--- RECORDS FOR THIS TASK ---

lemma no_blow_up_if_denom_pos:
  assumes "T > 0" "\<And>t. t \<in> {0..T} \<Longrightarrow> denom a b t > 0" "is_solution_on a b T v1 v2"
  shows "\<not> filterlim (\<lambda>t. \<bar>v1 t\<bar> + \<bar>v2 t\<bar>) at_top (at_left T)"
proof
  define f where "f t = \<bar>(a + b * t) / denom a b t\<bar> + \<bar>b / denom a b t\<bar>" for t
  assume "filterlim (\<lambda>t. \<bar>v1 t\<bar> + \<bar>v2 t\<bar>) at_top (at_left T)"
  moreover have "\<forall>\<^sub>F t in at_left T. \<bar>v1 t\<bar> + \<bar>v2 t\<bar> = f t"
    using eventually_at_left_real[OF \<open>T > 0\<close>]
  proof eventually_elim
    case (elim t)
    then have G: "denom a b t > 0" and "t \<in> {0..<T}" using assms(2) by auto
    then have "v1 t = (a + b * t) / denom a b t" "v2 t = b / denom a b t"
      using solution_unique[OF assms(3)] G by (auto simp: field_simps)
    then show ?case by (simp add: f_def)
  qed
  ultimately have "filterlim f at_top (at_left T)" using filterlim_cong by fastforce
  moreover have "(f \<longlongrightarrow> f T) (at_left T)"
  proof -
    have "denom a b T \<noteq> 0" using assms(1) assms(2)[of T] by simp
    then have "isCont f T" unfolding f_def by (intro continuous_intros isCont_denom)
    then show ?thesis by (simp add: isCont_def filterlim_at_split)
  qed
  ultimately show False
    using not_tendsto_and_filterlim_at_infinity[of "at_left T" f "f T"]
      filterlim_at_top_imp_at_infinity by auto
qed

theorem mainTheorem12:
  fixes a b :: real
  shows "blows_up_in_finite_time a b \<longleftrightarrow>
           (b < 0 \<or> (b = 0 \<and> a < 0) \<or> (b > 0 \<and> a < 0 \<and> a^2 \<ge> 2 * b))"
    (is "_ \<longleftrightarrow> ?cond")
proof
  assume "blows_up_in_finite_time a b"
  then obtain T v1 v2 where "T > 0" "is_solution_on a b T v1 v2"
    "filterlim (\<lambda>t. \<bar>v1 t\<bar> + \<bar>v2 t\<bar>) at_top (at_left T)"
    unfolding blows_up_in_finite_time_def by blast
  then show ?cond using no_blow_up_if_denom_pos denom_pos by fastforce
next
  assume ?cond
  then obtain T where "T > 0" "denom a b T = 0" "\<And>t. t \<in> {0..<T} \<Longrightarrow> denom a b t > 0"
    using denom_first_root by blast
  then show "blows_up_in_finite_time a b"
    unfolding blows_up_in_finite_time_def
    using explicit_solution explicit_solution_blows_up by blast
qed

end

---

▶ **ASSIGNMENT**:
Reproduce the complete data exactly as presented above.

▶ **OUTPUT BELOW**:
lemma no_blow_up_if_denom_pos:
  assumes "T > 0" "\<And>t. t \<in> {0..T} \<Longrightarrow> denom a b t > 0" "is_solution_on a b T v1 v2"
  shows "\<not> filterlim (\<lambda>t. \<bar>v1 t\<bar> + \<bar>v2 t\<bar>) at_top (at_left T)"
proof
  define f where "f t = \<bar>(a + b * t) / denom a b t\<bar> + \<bar>b / denom a b t\<bar>" for t
  assume "filterlim (\<lambda>t. \<bar>v1 t\<bar> + \<bar>v2 t\<bar>) at_top (at_left T)"
  moreover have "\<forall>\<^sub>F t in at_left T. \<bar>v1 t\<bar> + \<bar>v2 t\<bar> = f t"
    using eventually_at_left_real[OF \<open>T > 0\<close>]
  proof eventually_elim
    case (elim t)
    then have G: "denom a b t > 0" and "t \<in> {0..<T}" using assms(2) by auto
    then have "v1 t = (a + b * t) / denom a b t" "v2 t = b / denom a b t"
      using solution_unique[OF assms(3)] G by (auto simp: field_simps)
    then show ?case by (simp add: f_def)
  qed
  ultimately have "filterlim f at_top (at_left T)" using filterlim_cong by fastforce
  moreover have "(f \<longlongrightarrow> f T) (at_left T)"
  proof -
    have "denom a b T \<noteq> 0" using assms(1) assms(2)[of T] by simp
    then have "isCont f T" unfolding f_def by (intro continuous_intros isCont_denom)
    then show ?thesis by (simp add: isCont_def filterlim_at_split)
  qed
  ultimately show False
    using not_tendsto_and_filterlim_at_infinity[of "at_left T" f "f T"]
      filterlim_at_top_imp_at_infinity by auto
qed

theorem mainTheorem12:
  fixes a b :: real
  shows "blows_up_in_finite_time a b \<longleftrightarrow>
           (b < 0 \<or> (b = 0 \<and> a < 0) \<or> (b > 0 \<and> a < 0 \<and> a^2 \<ge> 2 * b))"
    (is "_ \<longleftrightarrow> ?cond")
proof
  assume "blows_up_in_finite_time a b"
  then obtain T v1 v2 where "T > 0" "is_solution_on a b T v1 v2"
    "filterlim (\<lambda>t. \<bar>v1 t\<bar> + \<bar>v2 t\<bar>) at_top (at_left T)"
    unfolding blows_up_in_finite_time_def by blast
  then show ?cond using no_blow_up_if_denom_pos denom_pos by fastforce
next
  assume ?cond
  then obtain T where "T > 0" "denom a b T = 0" "\<And>t. t \<in> {0..<T} \<Longrightarrow> denom a b t > 0"
    using denom_first_root by blast
  then show "blows_up_in_finite_time a b"
    unfolding blows_up_in_finite_time_def
    using explicit_solution explicit_solution_blows_up by blast
qed

end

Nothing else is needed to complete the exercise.